Tuesday, June 10, 2014

How I made some noticeboards

Having found or created posters, timetables and notices and printed them out (see How I created period posters, enamel signs and notices), I decided that some of them needed to be mounted on noticeboards.

A piece of 1.2mm (50thou) thick black plasticard was trimmed roughly to the size of the poster, plus 3-4mm on each edge.

3mm wide strips of 1.4mm (55thou) thick black plasticard were then glued to the edges using liquid poly adhesive. The strips were deliberately cut to be longer than needed and overlapped at the corners (but not glued).

When the glue had set sufficiently to grab the strips, a craft knife was positioned diagonally across the overlapping strips at the corners and pressure applied to cut through both strips.

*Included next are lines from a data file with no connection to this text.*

lemma prob_same_colour:
  assumes "u < n" and "v < n" and "u \<noteq> v"
  shows "measure_pmf.prob (random_colouring n r c) {\<phi>. \<phi> u = \<phi> v} = colour_collision r c"
proof -
  let ?M = "random_colouring n r c"
  define A where "A i = {\<phi>. \<phi> u = i} \<inter> {\<phi>. \<phi> v = i}" for i :: nat
  have "\<phi> \<in> (\<Union>i\<le>r. A i)" if "\<phi> \<in> set_pmf ?M" "\<phi> \<in> {\<phi>. \<phi> u = \<phi> v}" for \<phi>
    using random_colouring_le[OF that(1) assms(1)] that(2) unfolding A_def by auto
  then have "measure_pmf.prob ?M {\<phi>. \<phi> u = \<phi> v} = measure_pmf.prob ?M (\<Union>i\<le>r. A i)"
    by (intro antisym prob_mono_on_set_pmf) (auto simp: A_def)
  also have "\<dots> = (\<Sum>i\<le>r. measure_pmf.prob ?M (A i))"
    by (rule measure_pmf.finite_measure_finite_Union) (auto simp: disjoint_family_on_def A_def)
  also have "\<dots> = (\<Sum>i\<le>r. (colour_weight r c i)^2)"
    unfolding A_def using prob_colour_pair[OF assms] by (simp add: power2_eq_square)
  finally show ?thesis by (simp add: sum_colour_weight_squared)
qed

lemma monochromatic_edges_in_M1p:
  assumes sg: "simple_graph_on n Hn"
  shows "map_pmf (monochromatic_edges Hn) (random_colouring n r c) \<in> M1p Hn (colour_collision r c)"
  unfolding M1p_def
proof (intro CollectI conjI ballI one_independent_monochromatic_edges[OF sg])
  show "set_pmf (map_pmf (monochromatic_edges Hn) (random_colouring n r c)) \<subseteq> Pow Hn"
    by (auto simp: monochromatic_edges_def)
next
  fix e assume "e \<in> Hn"
  then obtain u v where uv: "e = {u, v}" "u \<noteq> v" "u < n" "v < n" using simple_graph_on_edgeE[OF sg]
    by blast
  then have "monochromatic_edges Hn -` {X. e \<in> X} = {\<phi>. \<phi> u = \<phi> v}"
    using \<open>e \<in> Hn\<close> unfolding monochromatic_edges_def by auto
  then show "measure_pmf.prob (map_pmf (monochromatic_edges Hn) (random_colouring n r c)) {X. e \<in> X} =
      colour_collision r c"
    using prob_same_colour[OF uv(3,4,2)] by (simp add: measure_map_pmf)
qed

This helped to ensure that the mitres for the corners matched exactly. Liquid poly glue was then flooded into the corners with a paintbrush and left to set.

The frames were then rubbed-down with fine abrasive paper before being given a couple of coats of acrylic paint. The virtue of using black plasticard is that the insides of the frame do not need to be painted. As can be seen from the photo below, some of my edging strips were not quite 3mm in width, I'm sure those who have more precise cutting skills than me (or those who purchase microstrip) will do a better job.
I've found in the past that a light coating of matt or semi-matt varnish prolongs the life of the posters, however, even with this precaution, it seems that slugs and snails enjoy feasting on any form of paper and so, from this year onwards, I am tending to remove my buildings from the garden when I know the railway is not going to be used for a few days.